Doppler flow velocimetry was performed in the umbilical artery and middle cerebral artery in 115 consecutive fetuses with antenatally diagnosed CHD. Gestational age ranged between 19 and 41 weeks. Fetuses with isolated CHD were defined as group A (n = 55), showing cardiogenic hydrops fetalis in six cases; group B included 60 cases complicated by chromosomal or non-chromosomal extracardiac malformation, uteroplacental dysfunction or non-cardiogenic non-immune hydrops fetalis. The control group comprised 100 healthy fetuses of uncomplicated pregnancies. Individual pulsatility index measurements were converted into their Z-scores (delta values) for statistical analysis.


In regard to the umbilical artery pulsatility index, 115 fetuses with CHD showed a significantly greater (P < 0.001) difference from the normal mean for gestation (delta values) than the control group. However, 29 of the 33 cases with indices above the 95% reference interval were additionally associated with extracardiac malformations, uteroplacental dysfunction or non-cardiogenic non-immune hydrops fetalis. While fetuses with isolated CHD still showed significantly higher values than healthy fetuses (P < 0.01), only in 4 of 55 (7%) fetuses did the measured umbilical artery pulsatility index exceed the 95% reference interval. There was no significant difference from the control group, in which 4 of 100 cases showed an umbilical artery pulsatility index above the 95% reference interval. Elevated umbilical artery pulsatility indices were seen in only four cases of severe obstruction of the outflow tracts leading to reverse perfusion of the affected great artery and in one case of Ebstein's anomaly with pulmonary insufficiency. Although all four fetuses with isolated CHD and elevated umbilical artery pulsatility index died, 14 of 18 fetuses with lethal outcome had normal pulsatility index values in the umbilical artery. Investigations of the middle cerebral artery blood flow revealed no significant difference between fetuses with and without CHD or any subgroups.

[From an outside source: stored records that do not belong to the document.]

lemma ker_on_transfer_term:
  fixes f :: "'a \<Rightarrow> 'p::prime_card mod_ring"
  assumes S: "subgroup S G" and f: "hom_on G S f" and t: "t \<in> S" "f t = 1" and g: "g \<in> S"
  shows "t [^] nat (to_int_mod_ring c) \<otimes> g \<otimes> inv (t [^] nat (to_int_mod_ring (c + f g)))
    \<in> ker_on S f"
proof -
  have pow: "t [^] (n::nat) \<in> S" "f (t [^] n) = of_nat n" for n
    using subgroup_nat_pow_closed[OF S t(1)] hom_on_nat_pow[OF S f t(1)] t(2) by simp_all
  show ?thesis
    unfolding ker_on_def using hom_on_mult_inv[OF S f pow(1) g pow(1)] pow g S
    by (simp add: subgroup.m_closed subgroup.m_inv_closed)
qed

text \<open>Corestriction from the kernel of a surjective homomorphism f to F_p can be computed
  with the transversal of powers of any t with f t = 1; the summand for c is the transfer
  term of the coset of f-value c.\<close>
lemma cor1_ker_on:
  fixes f :: "'a \<Rightarrow> 'p::prime_card mod_ring"
  assumes S: "subgroup S G" and f: "hom_on G S f" and t: "t \<in> S" "f t = 1"
    and \<phi>: "hom_on G (ker_on S f) \<phi>" and g: "g \<in> S"
  shows "cor1 (G\<lparr>carrier := S\<rparr>) (ker_on S f) \<phi> g =
    (\<Sum>c\<in>UNIV. \<phi> (t [^] nat (to_int_mod_ring c) \<otimes> g \<otimes> inv (t [^] nat (to_int_mod_ring (c + f g)))))"
proof -
  let ?K = "G\<lparr>carrier := S\<rparr>" and ?N = "ker_on S f"
  let ?R = "right_transversal ?K ?N" and ?rep = "coset_rep ?K ?N"
  define \<tau> where "\<tau> c = t [^] nat (to_int_mod_ring c)" for c :: "'p mod_ring"
  have N: "subgroup ?N G" using S f by (rule subgroup_ker_on)
  note R = transversal_in_subgroup[OF S N ker_on_subset]
  have coset: "x \<in> ?N #> r \<longleftrightarrow> x \<in> S \<and> f x = f r" if "r \<in> S" for x r
    using S f that by (rule ker_on_r_coset_iff)
  have rep: "?rep x \<in> ?R" "?rep x \<in> S" "f (?rep x) = f x" if "x \<in> S" for x
  proof -
    show "?rep x \<in> ?R" using R(2)[OF that] .
    then show "?rep x \<in> S" by (rule subsetD[OF R(1)])
    then show "f (?rep x) = f x" using R(3)[OF that] by (simp add: coset)
  qed
  have rep_eq: "?rep x = r" if "x \<in> S" "r \<in> ?R" "f x = f r" for x r
  proof -
    have "r \<in> S" using that(2) by (rule subsetD[OF R(1)])
    then have "x \<in> ?N #> r" using that by (simp add: coset)
    then show ?thesis by (rule R(4)[OF that(1,2)])
  qed
  have \<tau>: "\<tau> c \<in> S" "f (\<tau> c) = c" for c
    unfolding \<tau>_def using subgroup_nat_pow_closed[OF S t(1)] hom_on_nat_pow[OF S f t(1)] t(2)
    by simp_all
  define s where "s c = ?rep (\<tau> c)" for c
  have s: "s c \<in> ?R" "s c \<in> S" "f (s c) = c" for c
    unfolding s_def using rep \<tau> by simp_all
  have bij: "bij_betw s UNIV ?R"
  proof (rule bij_betw_byWitness[where f' = f])
    show "\<forall>r\<in>?R. s (f r) = r"
      unfolding s_def using rep_eq[OF \<tau>(1)] \<tau>(2) by simp
  qed (use s in auto)
  define n where "n c = s c \<otimes> inv (\<tau> c)" for c
  have n: "n c \<in> ?N" for c
  proof -
    have "f (n c) = f (s c) + f (inv (\<tau> c))"
      unfolding n_def using hom_onD[OF f s(2) subgroup.m_inv_closed[OF S \<tau>(1)]] .
    then have "f (n c) = 0"
      using hom_on_inv[OF S f \<tau>(1)] s(3) \<tau>(2) by simp
    moreover have "n c \<in> S"
      unfolding n_def using S s(2) \<tau>(1) by (simp add: subgroup.m_closed subgroup.m_inv_closed)
    ultimately show ?thesis unfolding ker_on_def by simp
  qed
  have carrier: "s c \<in> carrier G" "\<tau> c \<in> carrier G" "n c \<in> carrier G" for c
    using s(2) \<tau>(1) n subgroup.mem_carrier[OF S] subgroup.mem_carrier[OF N] by auto
  have g_carrier: "g \<in> carrier G" using subgroup.mem_carrier[OF S g] .
  have s_n: "s c = n c \<otimes> \<tau> c" for c
    unfolding n_def using carrier by (simp add: m_assoc)
  define M where "M c = \<tau> c \<otimes> g \<otimes> inv (\<tau> (c + f g))" for c
  have M: "M c \<in> ?N" for c
    unfolding M_def \<tau>_def using S f t g by (rule ker_on_transfer_term)
  have summand: "\<phi> (s c \<otimes> g \<otimes> inv (?rep (s c \<otimes> g))) = \<phi> (n c) + \<phi> (M c) - \<phi> (n (c + f g))"
    for c
  proof -
    have sg: "s c \<otimes> g \<in> S" using subgroup.m_closed[OF S s(2) g] .
    have "?rep (s c \<otimes> g) = s (c + f g)"
      using rep_eq[OF sg s(1)] hom_onD[OF f s(2) g] s(3) by simp
    moreover have "s c \<otimes> g \<otimes> inv (s (c + f g)) = n c \<otimes> M c \<otimes> inv (n (c + f g))"
      unfolding s_n M_def using carrier g_carrier by (simp add: m_assoc inv_mult_group)
    ultimately show ?thesis using hom_on_mult_inv[OF N \<phi> n M n] by simp
  qed
  have "cor1 ?K ?N \<phi> g = (\<Sum>r\<in>?R. \<phi> (r \<otimes> g \<otimes> inv (?rep (r \<otimes> g))))"
    unfolding cor1_def
  proof (rule sum.cong)
    fix r assume "r \<in> ?R"
    then have "?rep (r \<otimes> g) \<in> S" using rep(2) R(1) g subgroup.m_closed[OF S] by blast
    then show "\<phi> (r \<otimes>\<^bsub>?K\<^esub> g \<otimes>\<^bsub>?K\<^esub> inv\<^bsub>?K\<^esub> ?rep (r \<otimes>\<^bsub>?K\<^esub> g)) =
      \<phi> (r \<otimes> g \<otimes> inv (?rep (r \<otimes> g)))"
      using m_inv_consistent[OF S] by simp
  qed simp
  also have "\<dots> = (\<Sum>c\<in>UNIV. \<phi> (s c \<otimes> g \<otimes> inv (?rep (s c \<otimes> g))))"
    by (rule sum.reindex_bij_betw[OF bij, symmetric])
  also have "\<dots> = (\<Sum>c\<in>UNIV. \<phi> (n c)) + (\<Sum>c\<in>UNIV. \<phi> (M c)) - (\<Sum>c\<in>UNIV. \<phi> (n (c + f g)))"
    unfolding summand by (simp add: sum.distrib sum_subtractf)
  also have "(\<Sum>c\<in>UNIV. \<phi> (n (c + f g))) = (\<Sum>c\<in>UNIV. \<phi> (n c))"
    by (rule sum.reindex_bij_betw[OF bij_plus_right])
  finally show ?thesis by (simp add: M_def \<tau>_def)
qed

text \<open>Corestriction commutes with enlarging S to U when the homomorphism extends with the
  same image: if f is onto, both sides are computed by the formula of cor1_ker_on with the
  same t taken in S, and all transfer terms lie in the smaller kernel.\<close>
lemma cor1_ker_on_extend:
  fixes f fU :: "'a \<Rightarrow> 'p::prime_card mod_ring"
  assumes S: "subgroup S G" and U: "subgroup U G" "S \<subseteq> U"
    and f: "hom_on G S f" and fU: "hom_on G U fU" "\<And>x. x \<in> S \<Longrightarrow> fU x = f x"
    and im: "fU ` U \<subseteq> f ` S"
    and \<phi>: "hom_on G (ker_on S f) \<phi>" and \<phi>U: "hom_on G (ker_on U fU) \<phi>U"
    and \<phi>_eq: "\<And>n. n \<in> ker_on S f \<Longrightarrow> \<phi>U n = \<phi> n"
    and g: "g \<in> S"
  shows "cor1 (G\<lparr>carrier := U\<rparr>) (ker_on U fU) \<phi>U g = cor1 (G\<lparr>carrier := S\<rparr>) (ker_on S f) \<phi> g"
proof (cases "\<exists>t\<in>S. f t \<noteq> 0")
  case False
  then have kS: "ker_on S f = S"
    unfolding ker_on_def by auto
  have "f ` S \<subseteq> {0}" using False by auto
  with im have "fU ` U \<subseteq> {0}" by (rule order_trans)
  then have kU: "ker_on U fU = U"
    unfolding ker_on_def by blast
  have "cor1 (G\<lparr>carrier := U\<rparr>) (ker_on U fU) \<phi>U g = \<phi>U g"
    using cor1_self[OF U(1) _ subsetD[OF U(2) g], of \<phi>U] \<phi>U unfolding kU by simp
  also have "\<dots> = \<phi> g"
    using \<phi>_eq g kS by simp
  also have "\<dots> = cor1 (G\<lparr>carrier := S\<rparr>) (ker_on S f) \<phi> g"
    using cor1_self[OF S _ g, of \<phi>] \<phi> unfolding kS by simp
  finally show ?thesis .
next
  case True
  then obtain t0 where t0: "t0 \<in> S" "f t0 \<noteq> 0" by blast
  define t where "t = t0 [^] nat (to_int_mod_ring (inverse (f t0)))"
  have t: "t \<in> S" "f t = 1"
    unfolding t_def using subgroup_nat_pow_closed[OF S t0(1)] hom_on_nat_pow[OF S f t0(1)] t0(2)
    by simp_all
  have tU: "t \<in> U" "fU t = 1" using t U(2) fU(2) by auto
  show ?thesis
    unfolding cor1_ker_on[OF U(1) fU(1) tU \<phi>U subsetD[OF U(2) g]] cor1_ker_on[OF S f t \<phi> g]
    using \<phi>_eq[OF ker_on_transfer_term[OF S f t g]] fU(2)[OF g] by simp
qed


end

lemma continuous_map_discrete_iff_locally_constant:
  "continuous_map X (discrete_topology UNIV) f \<longleftrightarrow>
    (\<forall>x\<in>topspace X. \<exists>U. openin X U \<and> x \<in> U \<and> (\<forall>y\<in>U. f y = f x))"
proof
  assume f: "continuous_map X (discrete_topology UNIV) f"
  show "\<forall>x\<in>topspace X. \<exists>U. openin X U \<and> x \<in> U \<and> (\<forall>y\<in>U. f y = f x)"
  proof
    fix x assume x: "x \<in> topspace X"
    have "openin X {y \<in> topspace X. f y \<in> {f x}}"
      using f by (rule openin_continuous_map_preimage) simp
    then show "\<exists>U. openin X U \<and> x \<in> U \<and> (\<forall>y\<in>U. f y = f x)"
      using x by (intro exI[of _ "{y \<in> topspace X. f y \<in> {f x}}"]) simp
  qed
next
  assume loc: "\<forall>x\<in>topspace X. \<exists>U. openin X U \<and> x \<in> U \<and> (\<forall>y\<in>U. f y = f x)"
  show "continuous_map X (discrete_topology UNIV) f"
    unfolding continuous_map_openin_preimage_eq
  proof (intro conjI allI impI)
    fix V :: "'b set"
    show "openin X (topspace X \<inter> f -` V)"
    proof (subst openin_subopen, intro ballI)
      fix x assume x: "x \<in> topspace X \<inter> f -` V"
      then obtain U where U: "openin X U" "x \<in> U" "\<forall>y\<in>U. f y = f x"
        using loc by blast
      have "U \<subseteq> topspace X \<inter> f -` V"
        using openin_subset[OF U(1)] U(3) x by auto
      then show "\<exists>U. openin X U \<and> x \<in> U \<and> U \<subseteq> topspace X \<inter> f -` V"
        using U(1,2) by blast
    qed
  qed simp
qed

context group
begin

lemma topological_group_topspace: "topological_group G T \<Longrightarrow> topspace T = carrier G"
  unfolding topological_group_def by simp

lemma topological_group_mult:
  "topological_group G T \<Longrightarrow> continuous_map (prod_topology T T) T (\<lambda>(x, y). x \<otimes> y)"
  unfolding topological_group_def by simp

lemma topological_group_inv: "topological_group G T \<Longrightarrow> continuous_map T T (\<lambda>x. inv x)"
  unfolding topological_group_def by simp

lemma continuous_map_mult_left:
  assumes tg: "topological_group G T" and a: "a \<in> carrier G"
  shows "continuous_map T T (\<lambda>x. a \<otimes> x)"
proof -
  have "continuous_map T (prod_topology T T) (\<lambda>x. (a, x))"
    using a topological_group_topspace[OF tg] by (intro continuous_map_pairedI) auto
  then have "continuous_map T T ((\<lambda>(x, y). x \<otimes> y) \<circ> (\<lambda>x. (a, x)))"
    using topological_group_mult[OF tg] by (rule continuous_map_compose)
  then show ?thesis by (simp add: o_def)
qed

lemma continuous_map_mult_right:
  assumes tg: "topological_group G T" and a: "a \<in> carrier G"
  shows "continuous_map T T (\<lambda>x. x \<otimes> a)"
proof -
  have "continuous_map T (prod_topology T T) (\<lambda>x. (x, a))"
    using a topological_group_topspace[OF tg] by (intro continuous_map_pairedI) auto
  then have "continuous_map T T ((\<lambda>(x, y). x \<otimes> y) \<circ> (\<lambda>x. (x, a)))"
    using topological_group_mult[OF tg] by (rule continuous_map_compose)
  then show ?thesis by (simp add: o_def)
qed
text \<open>With \<open>b\<close> from a finite \<open>\<delta>\<close>-net of the Lip-ball, \<open>f a = 2 f ((a - b) / 2) + f b\<close> and
  \<open>(a - b) / 2\<close> lies in the Lip-ball within \<open>\<delta>\<close> of \<open>0\<close>.\<close>

lemma Af0_bounded:
  assumes "lip_norm e L" "f \<in> Af0 e L"
  obtains C where "\<And>a. L a \<le> 1 \<Longrightarrow> \<bar>f (coset e a)\<bar> \<le> C"
proof -
  have L: "is_seminorm L" using lip_norm_seminorm[OF assms(1)] .
  obtain \<delta> where "\<delta> > 0" and \<delta>: "\<And>b. L b \<le> 1 \<Longrightarrow> q_norm e b < \<delta> \<Longrightarrow> \<bar>f (coset e b)\<bar> < 1"
    using Af0_continuous_at_zero[OF assms(2) L zero_less_one] by blast
  then obtain F where "finite F" "F \<subseteq> {a. L a \<le> 1}"
    and net: "\<And>a. L a \<le> 1 \<Longrightarrow> \<exists>b\<in>F. q_norm e (a - b) < \<delta>"
    using lip_norm_ball_totally_bounded[OF assms(1)] by blast
  have "\<bar>f (coset e a)\<bar> \<le> 2 + (\<Sum>b\<in>F. \<bar>f (coset e b)\<bar>)" if a: "L a \<le> 1" for a
  proof -
    obtain b where "b \<in> F" "q_norm e (a - b) < \<delta>" using net[OF a] by blast
    with \<open>F \<subseteq> _\<close> have "L b \<le> 1" "L (- b) \<le> 1" using is_seminorm_uminus[OF L] by auto
    define z where "z = (1 / 2) *\<^sub>R a + (1 - 1 / 2) *\<^sub>R (- b)"
    have "L z \<le> 1"
      using convexD[OF convex_seminorm_ball[OF L], of a "- b" "1 / 2" "1 - 1 / 2"] a \<open>L (- b) \<le> 1\<close>
      unfolding z_def by simp
    moreover have "q_norm e z < \<delta>"
      using \<open>q_norm e (a - b) < \<delta>\<close> sublinear_scaleR[OF sublinear_q_norm, of "1 / 2" "a - b"]
        q_norm_nonneg[of "a - b"]
      unfolding z_def by (simp add: scaleR_diff_right)
    ultimately have "\<bar>f (coset e z)\<bar> < 1" by (rule \<delta>)
    moreover have "f (coset e z) = f (coset e a) / 2 - f (coset e b) / 2"
      using Af0_affine[OF assms(2) a \<open>L (- b) \<le> 1\<close>, of "1 / 2"] Af0_uminus[OF L assms(2) \<open>L b \<le> 1\<close>]
      unfolding z_def by simp
    moreover have "\<bar>f (coset e b)\<bar> \<le> (\<Sum>b\<in>F. \<bar>f (coset e b)\<bar>)"
      using \<open>b \<in> F\<close> \<open>finite F\<close> by (intro member_le_sum) auto
    ultimately show ?thesis by linarith
  qed
  then show ?thesis by (rule that)
qed

lemma Af0_le_linear_growth:
  assumes "lip_norm e L" "f \<in> Af0 e L" "\<epsilon> > 0"
  obtains M where "M \<ge> 0" "\<And>a. L a \<le> 1 \<Longrightarrow> \<bar>f (coset e a)\<bar> \<le> \<epsilon> + M * q_norm e a"
proof -
  have L: "is_seminorm L" using lip_norm_seminorm[OF assms(1)] .
  obtain C where C: "\<And>a. L a \<le> 1 \<Longrightarrow> \<bar>f (coset e a)\<bar> \<le> C"
    using Af0_bounded[OF assms(1,2)] by blast
  have "L 0 \<le> 1" using is_seminorm_zero[OF L] by simp
  then have "C \<ge> 0" using C[of 0] by simp
  obtain \<delta> where "\<delta> > 0" and \<delta>: "\<And>b. L b \<le> 1 \<Longrightarrow> q_norm e b < \<delta> \<Longrightarrow> \<bar>f (coset e b)\<bar> < \<epsilon>"
    using Af0_continuous_at_zero[OF assms(2) L assms(3)] by blast
  have "\<bar>f (coset e a)\<bar> \<le> \<epsilon> + C / \<delta> * q_norm e a" if "L a \<le> 1" for a
  proof (cases "q_norm e a < \<delta>")
    case True
    have "0 \<le> C / \<delta> * q_norm e a" using q_norm_nonneg[of a] \<open>C \<ge> 0\<close> \<open>\<delta> > 0\<close> by simp
    with \<delta>[OF that True] show ?thesis by linarith
  next
    case False
    then have "C \<le> C / \<delta> * q_norm e a"
      using \<open>C \<ge> 0\<close> \<open>\<delta> > 0\<close> by (simp add: field_simps mult_left_mono)
    then show ?thesis using C[OF that] \<open>\<epsilon> > 0\<close> by linarith
  qed
  with \<open>C \<ge> 0\<close> \<open>\<delta> > 0\<close> show ?thesis by (intro that[of "C / \<delta>"]) simp_all
qed

lemma linear_le_q_norm_mem_dual_space:
  assumes "linear l" "\<And>a. l a \<le> M * q_norm e a"
  shows "l \<in> dual_space e" "l e = 0"
proof -
  have "\<bar>l a\<bar> \<le> M * q_norm e a" for a
    using assms(2)[of a] assms(2)[of "- a"] q_norm_uminus[of a] linear_neg[OF assms(1), of a] by simp
  moreover have "M * q_norm e a \<le> \<bar>M\<bar> * ou_norm e a" for a
    by (rule mult_mono[OF abs_ge_self q_norm_le_ou_norm abs_ge_zero q_norm_nonneg])
  ultimately have "\<bar>l a\<bar> \<le> \<bar>M\<bar> * ou_norm e a" for a
    by (meson order_trans)
  with assms(1) show "l \<in> dual_space e" unfolding dual_space_def by blast
  show "l e = 0" using \<open>\<bar>l e\<bar> \<le> M * q_norm e e\<close> q_norm_unit by simp
qed

text \<open>The linear \<open>l\<close> with \<open>l \<le> f + \<epsilon>/2\<close> on the Lip-ball, evaluated at \<open>a\<close> and \<open>-a\<close>, is
  within \<open>\<epsilon>/2\<close> of \<open>f\<close> there because \<open>f\<close> is odd.\<close>

lemma Af0_approximation:
  assumes "lip_norm e L" "f \<in> Af0 e L" "\<epsilon> > 0"
  shows "\<exists>l\<in>dual_space e. l e = 0 \<and> (\<forall>X\<in>lipK e L. \<bar>f X - dual_fun l X\<bar> < \<epsilon>)"
proof -
  define B where "B = {a. L a \<le> 1}"
  define \<eta> where "\<eta> = \<epsilon> / 2"
  define h where "h a = f (coset e a) + \<eta>" for a
  have L: "is_seminorm L" using lip_norm_seminorm[OF assms(1)] .
  obtain M where "M \<ge> 0" and growth: "\<And>a. a \<in> B \<Longrightarrow> \<bar>f (coset e a)\<bar> \<le> \<eta> + M * q_norm e a"
    using Af0_le_linear_growth[OF assms(1,2), of \<eta>] assms(3) unfolding B_def \<eta>_def by auto
  have "convex_on B h"
    unfolding B_def h_def by (intro convex_on_add convex_on_Af0[OF L assms(2)]) (simp add: convex_on_const convex_seminorm_ball[OF L])
  moreover have "B \<noteq> {}"
    using is_seminorm_zero[OF L] unfolding B_def by (metis empty_Collect_eq zero_le_one)
  moreover have "- (M * q_norm e (- a)) \<le> h a" if "a \<in> B" for a
    using growth[OF that] q_norm_uminus[of a] unfolding h_def by simp
  ultimately have "\<exists>l. linear l \<and> l \<le> (\<lambda>a. M * q_norm e a) \<and> (\<forall>a\<in>B. l a \<le> h a)"
    by (intro linear_le_sublinear_and_convex_exists sublinear_cmult sublinear_q_norm \<open>M \<ge> 0\<close>)
  then obtain l where "linear l" and l_le: "\<And>a. l a \<le> M * q_norm e a"
    and l_le_h: "\<And>a. a \<in> B \<Longrightarrow> l a \<le> h a"
    unfolding le_fun_def by blast
  note l_dual = linear_le_q_norm_mem_dual_space[OF \<open>linear l\<close> l_le]
  have "\<bar>f (coset e a) - dual_fun l (coset e a)\<bar> < \<epsilon>" if "a \<in> B" for a
  proof -
    have "- a \<in> B" using that is_seminorm_uminus[OF L] unfolding B_def by simp
    then have "- l a \<le> - f (coset e a) + \<eta>"
      using l_le_h[of "- a"] Af0_uminus[OF L assms(2)] that linear_neg[OF \<open>linear l\<close>]
      unfolding h_def B_def by simp
    with l_le_h[OF that] assms(3) dual_fun_coset[OF \<open>linear l\<close> l_dual(2)] show ?thesis
      unfolding h_def \<eta>_def by simp
  qed
  with l_dual show ?thesis unfolding lipK_def B_def by blast
qed

end

section \<open>Order units that are not positive\<close>

lemma ou_bounds_if_not_nonneg:
  assumes "\<not> 0 \<le> e" "r \<in> ou_bounds e a"
  shows "r = 0 \<and> a = 0"
proof -
  have a: "0 \<le> r" "- (r *\<^sub>R e) \<le> a" "a \<le> r *\<^sub>R e" using assms(2) unfolding ou_bounds_def by auto
  have "r = 0"
  proof (rule ccontr)
    assume "r \<noteq> 0"
    have "0 \<le> (2 * r) *\<^sub>R e"
      using add_right_mono[OF order_trans[OF a(2,3)], of "r *\<^sub>R e"] by (simp add: scaleR_add_left[symmetric])
    then have "(1 / (2 * r)) *\<^sub>R 0 \<le> (1 / (2 * r)) *\<^sub>R ((2 * r) *\<^sub>R e)"
      using a(1) by (intro scaleR_left_mono) auto
    with \<open>r \<noteq> 0\<close> assms(1) show False by simp
  qed
  with a show ?thesis by (simp add: antisym)
qed

lemma ou_norm_if_not_nonneg:
  assumes "\<not> 0 \<le> e"
  shows "ou_norm e a = (if a = 0 then 0 else Inf {})"
proof -
  have "ou_bounds e a \<subseteq> {0}" "a \<noteq> 0 \<Longrightarrow> ou_bounds e a = {}"
    using ou_bounds_if_not_nonneg[OF assms] by blast+
  moreover have "0 \<in> ou_bounds e 0" by (simp add: ou_bounds_def)
  ultimately have "ou_bounds e a = (if a = 0 then {0} else {})" by auto
  then show ?thesis unfolding ou_norm_eq_Inf_ou_bounds by simp
qed

lemma q_norm_if_not_nonneg:
  assumes "\<not> 0 \<le> e" "\<nexists>t. a = t *\<^sub>R e"
  shows "q_norm e a = Inf {}"
proof -
  have "a + t *\<^sub>R e \<noteq> 0" for t
  proof
    assume "a + t *\<^sub>R e = 0"
    then have "a = (- t) *\<^sub>R e" by (simp add: add_eq_0_iff)
    with assms(2) show False by blast
  qed
  then show ?thesis unfolding q_norm_eq_INF ou_norm_if_not_nonneg[OF assms(1)] by simp
qed

lemma lip_norm_unit_span_if_ou_norm_zero:
  assumes "lip_norm e L" "\<And>a. ou_norm e a = 0"
  shows "\<exists>t. a = t *\<^sub>R e"
proof -
  have L: "is_seminorm L" using lip_norm_seminorm[OF assms(1)] .
  have ball: "L x \<le> 1" for x
    using lip_norm_ball_closed[OF assms(1), of "\<lambda>n. 0" x] assms(2) is_seminorm_zero[OF L] by simp
  have "L a = 0"
  proof (rule ccontr)
    assume "L a \<noteq> 0"
    with is_seminorm_nonneg[OF L, of a] have "L a > 0" by simp
    then have "L ((2 / L a) *\<^sub>R a) = 2" using L unfolding is_seminorm_def by simp
    with ball show False by (metis numeral_le_one_iff semiring_norm(69))
  qed
  with lip_norm_eq_0_iff[OF assms(1)] show ?thesis by blast
qed

lemma closed_lip_norm_trivial_if_ou_norm_neg:
  fixes e a :: "'a::ordered_real_vector"
  assumes "closed_lip_norm e L" "ou_norm e 0 = 0" "\<And>a. a \<noteq> 0 \<Longrightarrow> ou_norm e a = c" "c < 0"
  shows "a = 0"
proof -
  have L: "is_seminorm L" using lip_norm_seminorm[OF closed_lip_norm_lip_norm[OF assms(1)]] .
  define v where "v = (1 / (L a + 1)) *\<^sub>R a"
  have "L v \<le> 1" unfolding v_def by (rule is_seminorm_scaled_into_ball[OF L])
  define x where "x n = (if even n then 0 else v)" for n :: nat
  have "L (x n) \<le> 1" for n using \<open>L v \<le> 1\<close> is_seminorm_zero[OF L] unfolding x_def by simp
  moreover have "ou_norm e y \<le> 0" for y using assms(2-4) by (cases "y = 0") auto
  then have "\<exists>N. \<forall>m\<ge>N. \<forall>n\<ge>N. ou_norm e (x m - x n) < \<epsilon>" if "\<epsilon> > 0" for \<epsilon>
    using that by (meson le_less_trans)
  ultimately obtain b where "(\<lambda>n. ou_norm e (x n - b)) \<longlonglongrightarrow> 0"
    using closed_lip_norm_ball_complete[OF assms(1)] by blast
  then obtain N where N: "\<And>n. n \<ge> N \<Longrightarrow> \<bar>ou_norm e (x n - b)\<bar> < - c"
    using LIMSEQ_D[of _ 0 "- c"] assms(4) by fastforce
  have "x n = b" if "n \<ge> N" for n
    using N[OF that] assms(3)[of "x n - b"] by force
  from this[of "2 * N"] this[of "2 * N + 1"] have "v = 0" unfolding x_def by simp
  then show ?thesis using is_seminorm_nonneg[OF L, of a] unfolding v_def by simp
qed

This study shows that arterial blood flow velocity waveforms in fetuses with isolated CHD do not show sufficient alterations to be of diagnostic value. Only in severe outflow tract obstructions due to a 'steal effect' or in significant insufficiencies of semilunar valves leading to an impaired 'wind-kessel function' may the special hemodynamic changes induced by CHD result in a significant increase of pulsatility index in the umbilical artery. In the majority of cases with CHD the increase of pulsatility index of umbilical arterial blood flow velocity waveforms, however, results from extracardiac anomalies, especially uteroplacental dysfunction and chromosomal abnormalities. Furthermore, umbilical artery Doppler sonography is not clinically helpful in predicting fetal outcome.